In the hydrogel electrolyte, the mass ratio of the high molecular polymer skeleton to the cross-linking agent is (0.5-2): 4, preferably 1: 4.
The cross-linking agent comprises N, N-Dimethylacrylamide (DMAA) and N, N-Methylene Bisacrylamide (MBAA), and the cross-linking agent and hydroxyl groups in the high-molecular polymer monomer are subjected to condensation reaction to generate a net structure, so that electrolyte ions can be rapidly transferred, and the ion conductivity can be improved.
When the crosslinking agent is a mixture of N, N-Dimethylacrylamide (DMAA) and N, N-methylenebisacrylamide, the mass ratio of N, N-Dimethylacrylamide (DMAA) to N, N-methylenebisacrylamide is 1: 3.
The metal salt solution includes a sodium acetate solution (NaAc), a potassium acetate solution (KAc), a sodium chloride solution (NaCl), and a potassium chloride solution (KCl).
In the hydrogel electrolyte, the concentration of the metal salt solution is saturated concentration, the saturated solution, namely the metal salt solid, is dissolved in the liquid until the saturated solution can not be dissolved, and the saturated metal salt solution can effectively reduce the freezing point of the hydrogel, so that the gel electrolyte has excellent conductivity at low temperature, and the cold-resistant characteristic is endowed to the gel electrolyte.
The hydrogel electrolyte exhibits a porous network structure.
The second purpose of the invention is to provide a preparation method of a cold-resistant solar-driven photothermal effect hydrogel electrolyte, which comprises the following steps:
(1) dissolving a high molecular polymer monomer and a cross-linking agent in water, mixing, and reacting to obtain a reaction solution with a high molecular polymer skeleton;
(2) adding a transition metal sulfide into the reaction solution to form a dispersion;
(3) then putting the dispersion into a mould for freeze drying to form hydrogel;
(4) and taking out the freeze-dried hydrogel and soaking the hydrogel in a metal salt solution.
In the step (1), the mass ratio of the high molecular polymer monomer to water is (0.5-2): 10, preferably 1: 10.

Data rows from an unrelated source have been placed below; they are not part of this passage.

(* Let $2\le j\le n$ and let $K_j\subset\wedge^j\mathbb{R}^n$ be a proper cone. Then $\widehat{T}(K_j)$, if it is not $\{0\}$, coincides with the union of all $j$-dimensional linear subspaces $L\subset\mathbb{R}^n$ for which the line $\mathcal{A}_j(L)$ is contained in $K_j\cup(-K_j)$. The set $T(K_j)$, if it is nonempty, coincides with the closure of the union of all $j$-dimensional linear subspaces $L\subset\mathbb{R}^n$ for which the nonzero elements of the line $\mathcal{A}_j(L)$ lie in $\operatorname{int}(K_j)\cup\operatorname{int}(-K_j)$.
   Context: A proper cone is a closed convex cone that is pointed and solid. $\wedge^j\mathbb{R}^n$ is the $j$th exterior power of $\mathbb{R}^n$. For a $j$-dimensional subspace $L\subset\mathbb{R}^n$, $\mathcal{A}_j(L)=\{t(x_1\wedge\cdots\wedge x_j):t\in\mathbb{R}\}$ for any basis $x_1,\ldots,x_j$ of $L$ (well defined). $\widehat{T}(K_j)$ is the set of all $x_1\in\mathbb{R}^n$ for which there exist $x_2,\ldots,x_j\in\mathbb{R}^n$ with $x_1\wedge\cdots\wedge x_j\in(K_j\cup(-K_j))\setminus\{0\}$, together with $0$. $T(K_j)$ is the closure of the set of all $x_1\in\mathbb{R}^n$ for which there exist $x_2,\ldots,x_j\in\mathbb{R}^n$ with $x_1\wedge\cdots\wedge x_j\in\operatorname{int}(K_j)\cup\operatorname{int}(-K_j)$. *)

theory Defs
  imports "HOL-Analysis.Analysis" "HOL-Combinatorics.Permutations"
begin

text \<open>Concrete model of the j-th exterior power of R^n, where R^n = real^'n and the
  index type 'n is linearly ordered (n = CARD('n)).  An element of the exterior power
  is a vector indexed by subsets I of the index type whose coordinates vanish unless
  card I = j; the coordinate at I is the coefficient of the standard basis
  j-vector e_I (elements of I taken in increasing order).\<close>

definition ext_space :: "nat \<Rightarrow> (real ^ (('n::{finite,wellorder}) set)) set" where
  "ext_space j = {v. \<forall>I. card I \<noteq> j \<longrightarrow> v $ I = 0}"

In the step (1), when the crosslinking agent is a mixture of N, N-Dimethylacrylamide (DMAA) and N, N-methylenebisacrylamide, the mass ratio of the N, N-dimethylacrylamide to water is 1:10, and the mass ratio of the N, N-methylenebisacrylamide to water is 3: 10.
In the step (1), during mixing, the temperature of water is 80-100 ℃, preferably 90 ℃, the high molecular polymer monomer can be dissolved in the water and react with the cross-linking agent at high temperature, and cannot be dissolved or react at room temperature.
In the step (2), the concentration of the transition metal sulfide in the dispersion is 0.2-1.0 mg/mL, preferably 0.8 mg/mL.
In the step (3), the temperature of freeze drying is-50 to-30 ℃, preferably-40 ℃, and the time of freeze drying is 2.5 to 3.5 hours, preferably 3 hours.
In the step (3), the mold is made of polytetrafluoroethylene, so that hydrogel can be conveniently removed subsequently, and the mold does not react with the hydrogel.
In the step (4), the volume ratio of the metal salt solution to the water taken in the step (1) is (40-60): 1, and preferably 50: 1.
In the step (4), the metal salt solution is soaked for 22-26 hours, preferably 24 hours.
The third purpose of the invention is to provide the application of the cold-resistant solar-driven photothermal effect hydrogel electrolyte in the super capacitor. The hydrogel electrolyte and the carbon fiber electrode are directly combined to form the supercapacitor for use.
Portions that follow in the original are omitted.